··· Extracted records

(* Let $\tilde L$ be a minimum-size counterexample. Then the greatest element $1_{\tilde L}$ is join-reducible in $\tilde L$, i.e. it upper covers at least two elements.
   Context: For a poset $P$, $x$ upper covers $y$ if $y<x$ with nothing strictly between. Join-irreducible: upper covers exactly one element; join-reducible: upper covers more than one element. For $x\in P$, ${\uparrow}x=\{y: x\le y\}$. A counterexample is a finite lattice $L$ with $|L|>1$ in which every join-irreducible $j$ satisfies $|{\uparrow}j|>|L|/2$; a minimum-size counterexample is a counterexample $\tilde L$ such that no counterexample has fewer elements. *)

theory Defs
  imports Complex_Main
begin

definition is_poset :: "'a set \<Rightarrow> ('a \<Rightarrow> 'a \<Rightarrow> bool) \<Rightarrow> bool" where
  "is_poset S le \<longleftrightarrow>
     (\<forall>x\<in>S. le x x) \<and>
     (\<forall>x\<in>S. \<forall>y\<in>S. le x y \<and> le y x \<longrightarrow> x = y) \<and>
     (\<forall>x\<in>S. \<forall>y\<in>S. \<forall>z\<in>S. le x y \<and> le y z \<longrightarrow> le x z)"

definition is_lub :: "'a set \<Rightarrow> ('a \<Rightarrow> 'a \<Rightarrow> bool) \<Rightarrow> 'a \<Rightarrow> 'a \<Rightarrow> 'a \<Rightarrow> bool" where
  "is_lub S le x y z \<longleftrightarrow> z \<in> S \<and> le x z \<and> le y z \<and> (\<forall>w\<in>S. le x w \<and> le y w \<longrightarrow> le z w)"

definition is_glb :: "'a set \<Rightarrow> ('a \<Rightarrow> 'a \<Rightarrow> bool) \<Rightarrow> 'a \<Rightarrow> 'a \<Rightarrow> 'a \<Rightarrow> bool" where
  "is_glb S le x y z \<longleftrightarrow> z \<in> S \<and> le z x \<and> le z y \<and> (\<forall>w\<in>S. le w x \<and> le w y \<longrightarrow> le w z)"

definition finite_lattice :: "'a set \<Rightarrow> ('a \<Rightarrow> 'a \<Rightarrow> bool) \<Rightarrow> bool" where
  "finite_lattice S le \<longleftrightarrow> finite S \<and> S \<noteq> {} \<and> is_poset S le \<and>
     (\<forall>x\<in>S. \<forall>y\<in>S. (\<exists>z. is_lub S le x y z) \<and> (\<exists>z. is_glb S le x y z))"

definition upper_covers :: "'a set \<Rightarrow> ('a \<Rightarrow> 'a \<Rightarrow> bool) \<Rightarrow> 'a \<Rightarrow> 'a \<Rightarrow> bool" where
  "upper_covers S le x y \<longleftrightarrow> x \<in> S \<and> y \<in> S \<and> le y x \<and> y \<noteq> x \<and>
     \<not> (\<exists>z\<in>S. le y z \<and> le z x \<and> z \<noteq> y \<and> z \<noteq> x)"

definition lower_covers_set :: "'a set \<Rightarrow> ('a \<Rightarrow> 'a \<Rightarrow> bool) \<Rightarrow> 'a \<Rightarrow> 'a set" where
  "lower_covers_set S le x = {y \<in> S. upper_covers S le x y}"

definition join_irreducible :: "'a set \<Rightarrow> ('a \<Rightarrow> 'a \<Rightarrow> bool) \<Rightarrow> 'a \<Rightarrow> bool" where
  "join_irreducible S le x \<longleftrightarrow> x \<in> S \<and> card (lower_covers_set S le x) = 1"

definition join_reducible :: "'a set \<Rightarrow> ('a \<Rightarrow> 'a \<Rightarrow> bool) \<Rightarrow> 'a \<Rightarrow> bool" where
  "join_reducible S le x \<longleftrightarrow> x \<in> S \<and> card (lower_covers_set S le x) > 1"

definition up_set :: "'a set \<Rightarrow> ('a \<Rightarrow> 'a \<Rightarrow> bool) \<Rightarrow> 'a \<Rightarrow> 'a set" where
  "up_set S le x = {y \<in> S. le x y}"

definition counterexample :: "'a set \<Rightarrow> ('a \<Rightarrow> 'a \<Rightarrow> bool) \<Rightarrow> bool" where
  "counterexample S le \<longleftrightarrow> finite_lattice S le \<and> card S > 1 \<and>
     (\<forall>j\<in>S. join_irreducible S le j \<longrightarrow> real (card (up_set S le j)) > real (card S) / 2)"

text \<open>Minimality is against all counterexamples; every finite lattice is isomorphic to one
  carried by a subset of nat, so quantifying over nat-carried lattices is sufficient.\<close>
definition min_counterexample :: "'a set \<Rightarrow> ('a \<Rightarrow> 'a \<Rightarrow> bool) \<Rightarrow> bool" where
  "min_counterexample S le \<longleftrightarrow> counterexample S le \<and>
     \<not> (\<exists>(S' :: nat set) le'. counterexample S' le' \<and> card S' < card S)"

end

theory Submission
  imports Defs
begin

text \<open>The up-set of the greatest element is a singleton, so in a lattice with at least two
  elements it is too small for the top to be join-irreducible in a counterexample. On the other
  hand a finite lattice with at least two elements has a coatom, so the top upper covers
  something; hence it covers at least two elements.\<close>

lemma up_set_greatest:
  assumes "is_poset S le" and "g \<in> S" and "\<forall>x\<in>S. le x g"
  shows "up_set S le g = {g}"
  using assms unfolding is_poset_def up_set_def by blast

lemma up_set_psubset:
  assumes "is_poset S le" and "z \<in> S" and "w \<in> S" and "le z w" and "w \<noteq> z"
  shows "up_set S le w \<subset> up_set S le z"
  using assms unfolding is_poset_def up_set_def by blast

lemma lower_covers_set_nonempty:
  assumes "is_poset S le" and "finite S" and "x \<in> S"
    and "y \<in> S" and "le y x" and "y \<noteq> x"
  shows "lower_covers_set S le x \<noteq> {}"
proof -
  let ?below = "\<lambda>z. z \<in> S \<and> le z x \<and> z \<noteq> x"
  obtain z where z: "?below z"
    and z_least: "\<And>w. ?below w \<Longrightarrow> card (up_set S le z) \<le> card (up_set S le w)"
    using ex_has_least_nat[of ?below y "\<lambda>z. card (up_set S le z)"] assms(4-6) by blast
  \<comment> \<open>an element below x with the smallest up-set is covered by x\<close>
  have "upper_covers S le x z"
    unfolding upper_covers_def
  proof (intro conjI)
    show "x \<in> S" "z \<in> S" "le z x" "z \<noteq> x" using z assms(3) by auto
    show "\<not> (\<exists>w\<in>S. le z w \<and> le w x \<and> w \<noteq> z \<and> w \<noteq> x)"
    proof
      assume "\<exists>w\<in>S. le z w \<and> le w x \<and> w \<noteq> z \<and> w \<noteq> x"
      then obtain w where w: "w \<in> S" "le z w" "le w x" "w \<noteq> z" "w \<noteq> x" by blast
      have "up_set S le w \<subset> up_set S le z"
        using up_set_psubset[OF assms(1)] z w by blast
      then have "card (up_set S le w) < card (up_set S le z)"
        by (rule psubset_card_mono[rotated]) (simp add: up_set_def assms(2))
      with z_least[of w] w show False by simp
    qed
  qed
  with z show ?thesis by (auto simp: lower_covers_set_def)
qed

lemma counterexample_join_irreducible_up_set:
  assumes "counterexample S le" and "join_irreducible S le j"
  shows "card S < 2 * card (up_set S le j)"
proof -
  have "real (card (up_set S le j)) > real (card S) / 2"
    using assms unfolding counterexample_def join_irreducible_def by blast
  then show ?thesis by linarith
qed

lemma join_reducibleI:
  assumes "finite S" and "x \<in> S"
    and "lower_covers_set S le x \<noteq> {}" and "\<not> join_irreducible S le x"
  shows "join_reducible S le x"
proof -
  have "finite (lower_covers_set S le x)"
    using assms(1) by (simp add: lower_covers_set_def)
  with assms(3) have "card (lower_covers_set S le x) \<noteq> 0" by simp
  with assms(2,4) show ?thesis
    unfolding join_irreducible_def join_reducible_def by simp
qed

theorem corollary2p4:
  fixes S :: "'a set" and le :: "'a \<Rightarrow> 'a \<Rightarrow> bool" and top :: 'a
  assumes "min_counterexample S le"
    and "top \<in> S" and "\<forall>x\<in>S. le x top"
  shows "join_reducible S le top"
proof -
  have ce: "counterexample S le" using assms(1) by (simp add: min_counterexample_def)
  then have fin: "finite S" and two: "card S > 1" and poset: "is_poset S le"
    by (auto simp: counterexample_def finite_lattice_def)
  have up_top: "up_set S le top = {top}"
    using up_set_greatest[OF poset assms(2,3)] .
  have "\<not> join_irreducible S le top"
    using counterexample_join_irreducible_up_set[OF ce] up_top two by fastforce
  moreover obtain y where "y \<in> S" "y \<noteq> top"
    using two card_le_Suc0_iff_eq[OF fin] assms(2) by (auto simp: not_le[symmetric])
  then have "lower_covers_set S le top \<noteq> {}"
    using lower_covers_set_nonempty[OF poset fin assms(2)] assms(3) by blast
  ultimately show ?thesis
    using join_reducibleI[OF fin assms(2)] by blast
qed

end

······

- Task description -
The response should contain only a verbatim copy of the lines from the line with "using assms unfolding counterexample_def" to the final line of the records.

- Answer to this problem -
    using assms unfolding counterexample_def join_irreducible_def by blast
  then show ?thesis by linarith
qed

lemma join_reducibleI:
  assumes "finite S" and "x \<in> S"
    and "lower_covers_set S le x \<noteq> {}" and "\<not> join_irreducible S le x"
  shows "join_reducible S le x"
proof -
  have "finite (lower_covers_set S le x)"
    using assms(1) by (simp add: lower_covers_set_def)
  with assms(3) have "card (lower_covers_set S le x) \<noteq> 0" by simp
  with assms(2,4) show ?thesis
    unfolding join_irreducible_def join_reducible_def by simp
qed

theorem corollary2p4:
  fixes S :: "'a set" and le :: "'a \<Rightarrow> 'a \<Rightarrow> bool" and top :: 'a
  assumes "min_counterexample S le"
    and "top \<in> S" and "\<forall>x\<in>S. le x top"
  shows "join_reducible S le top"
proof -
  have ce: "counterexample S le" using assms(1) by (simp add: min_counterexample_def)
  then have fin: "finite S" and two: "card S > 1" and poset: "is_poset S le"
    by (auto simp: counterexample_def finite_lattice_def)
  have up_top: "up_set S le top = {top}"
    using up_set_greatest[OF poset assms(2,3)] .
  have "\<not> join_irreducible S le top"
    using counterexample_join_irreducible_up_set[OF ce] up_top two by fastforce
  moreover obtain y where "y \<in> S" "y \<noteq> top"
    using two card_le_Suc0_iff_eq[OF fin] assms(2) by (auto simp: not_le[symmetric])
  then have "lower_covers_set S le top \<noteq> {}"
    using lower_covers_set_nonempty[OF poset fin assms(2)] assms(3) by blast
  ultimately show ?thesis
    using join_reducibleI[OF fin assms(2)] by blast
qed

end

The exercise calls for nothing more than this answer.